For the disease lifetable disaggregation problem, we are given the disease lifetable for an aggregate population \(P\) complete with incidence rates \(i_{t}\), fatality rates \(f_{t}\) and population counts \(S_{t}\), \(C_{t}\) and \(D_{t}\) at each timestep \(t\). We assume that \(P\) consists of \(n\) separate underlying sub-populations \(P_{1} , \ldots , P_{n}\), each with their own population counts, incidence rates and fatality rates. Let \(S_{k,t}\), \(C_{k,t}\) and \(D_{k,t}\) denote the number of people in the healthy, diseased and dead compartments respectively for sub-population \(k\) at time \(t\). We additionally assume for each sub-population we are given the initial disease prevalence, hence we can obtain \(S_{k,0}\) and \(C_{k,0}\). The objective of the problem is to determine both the incidence rates and fatality rates of each sub-population \(P_{k}\) and hence obtain the disease lifetables for each \(P_{1} , \ldots , P_{n}\). The criteria for consistency for this disaggregation at each time timestep \(t\) are given by:
$$\begin{aligned} S_{t} & = \mathop \sum \limits_{k = 1}^{n} S_{k,t} \\ C_{t} & = \mathop \sum \limits_{k = 1}^{n} C_{k,t} \\ \end{aligned}$$
i.e., we must choose incidence rates \(i_{k,t}\) and fatality rates \(f_{k,t}\) for each timestep \(t\) and sub-population \(k\) such that:
$$S_{t - 1} e^{{{ } - i_{t} }} = \mathop \sum \limits_{k = 1}^{n} S_{k,t - 1} e^{{{ } - i_{k,t} }}$$
and
$$C_{t - 1} e^{{{ } - f_{t} }} + S_{t - 1} \left( {1 - e^{{{ } - i_{t} }} } \right) = \mathop \sum \limits_{k = 1}^{n} \left[ {C_{k,t - 1} e^{{{ } - f_{k,t} }} + S_{k,t - 1} \left( {1 - e^{{{ } - i_{k,t} }} } \right) } \right]$$
We once again assume that we are given rate ratios for the sub-population rates at each timestep \(t\), specifically incidence rate ratios \(r_{1,t}^{{\text{i}}} , \ldots , r_{n,t}^{{\text{i}}}\) such that \(i_{k,t} = r_{k}^{{\text{i}}} w_{1,t}\) for each \(k\), and fatality rate ratios \(r_{1,t}^{{\text{f}}} , \ldots , r_{n,t}^{{\text{f}}}\) such that \(f_{k,t} = r_{k}^{{\text{f}}} w_{1,t}\) for each \(k\).

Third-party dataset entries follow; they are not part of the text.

(* Let $G$ be a 2-connected graph with no $K_4$ minor and let $(s,t)$ be a split pair of $G$. Then there is a unique orientation of the edges of $G$ that is acyclic and has $s$ as its unique source and $t$ as its unique sink. In this orientation every simple path from $s$ to $t$ is a directed path, and every directed path can be extended to a directed path from $s$ to $t$.
   Context: A pair $(s,t)$ of distinct vertices of a 2-connected graph $G$ with no $K_4$ minor is a split pair if the graph obtained from $G$ by adding an edge between $s$ and $t$ still has no $K_4$ minor. In an oriented graph, a source is a vertex with only outgoing edges and a sink is a vertex with only incoming edges. *)

theory Defs
  imports Main
begin

definition graph :: "'a set \<Rightarrow> 'a set set \<Rightarrow> bool" where
  "graph V E \<longleftrightarrow> finite V \<and> (\<forall>e\<in>E. \<exists>u v. e = {u, v} \<and> u \<noteq> v \<and> u \<in> V \<and> v \<in> V)"

definition adj_in :: "'a set set \<Rightarrow> 'a set \<Rightarrow> ('a \<times> 'a) set" where
  "adj_in E S = {(u, v). u \<in> S \<and> v \<in> S \<and> {u, v} \<in> E}"

definition connected_set :: "'a set set \<Rightarrow> 'a set \<Rightarrow> bool" where
  "connected_set E S \<longleftrightarrow> S \<noteq> {} \<and> (\<forall>u\<in>S. \<forall>v\<in>S. (u, v) \<in> (adj_in E S)\<^sup>*)"

definition two_connected :: "'a set \<Rightarrow> 'a set set \<Rightarrow> bool" where
  "two_connected V E \<longleftrightarrow> card V \<ge> 3 \<and> connected_set E V \<and>
     (\<forall>x\<in>V. connected_set E (V - {x}))"

definition has_K4_minor :: "'a set \<Rightarrow> 'a set set \<Rightarrow> bool" where
  "has_K4_minor V E \<longleftrightarrow> (\<exists>B :: nat \<Rightarrow> 'a set.
      (\<forall>i<4. B i \<subseteq> V \<and> connected_set E (B i)) \<and>
      (\<forall>i<4. \<forall>j<4. i \<noteq> j \<longrightarrow> B i \<inter> B j = {} \<and>
          (\<exists>u\<in>B i. \<exists>v\<in>B j. {u, v} \<in> E)))"

definition split_pair :: "'a set \<Rightarrow> 'a set set \<Rightarrow> 'a \<Rightarrow> 'a \<Rightarrow> bool" where
  "split_pair V E s t \<longleftrightarrow> s \<in> V \<and> t \<in> V \<and> s \<noteq> t \<and>
     \<not> has_K4_minor V (insert {s, t} E)"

We can apply the method used in the mortality problem to obtain unique incidence rates \(i_{k,t}\) that satisfy the constraints for the healthy population. After obtaining the sub-population incidence rates, the consistency constraint for the diseased population simplifies to:
$$\begin{aligned} & C_{t - 1} e^{{{ } - f_{t} }} + S_{t - 1} - S_{t} = \mathop \sum \limits_{k = 1}^{n} \left[ {C_{k,t - 1} e^{{{ } - f_{k,t} }} + S_{k,t - 1} - S_{k,t} } \right] \\ & \Rightarrow C_{t - 1} e^{{{ } - f_{t} }} + \left( {S_{t - 1} - \mathop \sum \limits_{k = 1}^{n} S_{k,t - 1} } \right) - \left( {S_{t} - \mathop \sum \limits_{k = 1}^{n} S_{k,t} } \right) = \mathop \sum \limits_{k = 1}^{n} C_{k,t - 1} e^{{{ } - f_{k,t} }} \\ & \Rightarrow C_{t - 1} e^{{{ } - f_{t} }} = \mathop \sum \limits_{k = 1}^{n} C_{k,t - 1} e^{{{ } - f_{k,t} }} \\ \end{aligned}$$
Thus, by using two consecutive applications of the methods described in “Appendix 1: Abstracts from literature search”, first for the healthy compartment and incidence rates and then for the diseased compartment and fatality rates, we can use the rate ratios to obtain a consistent disaggregation of the disease lifetable.
The prototype code for the above methods is provided in a GitHub repository [13].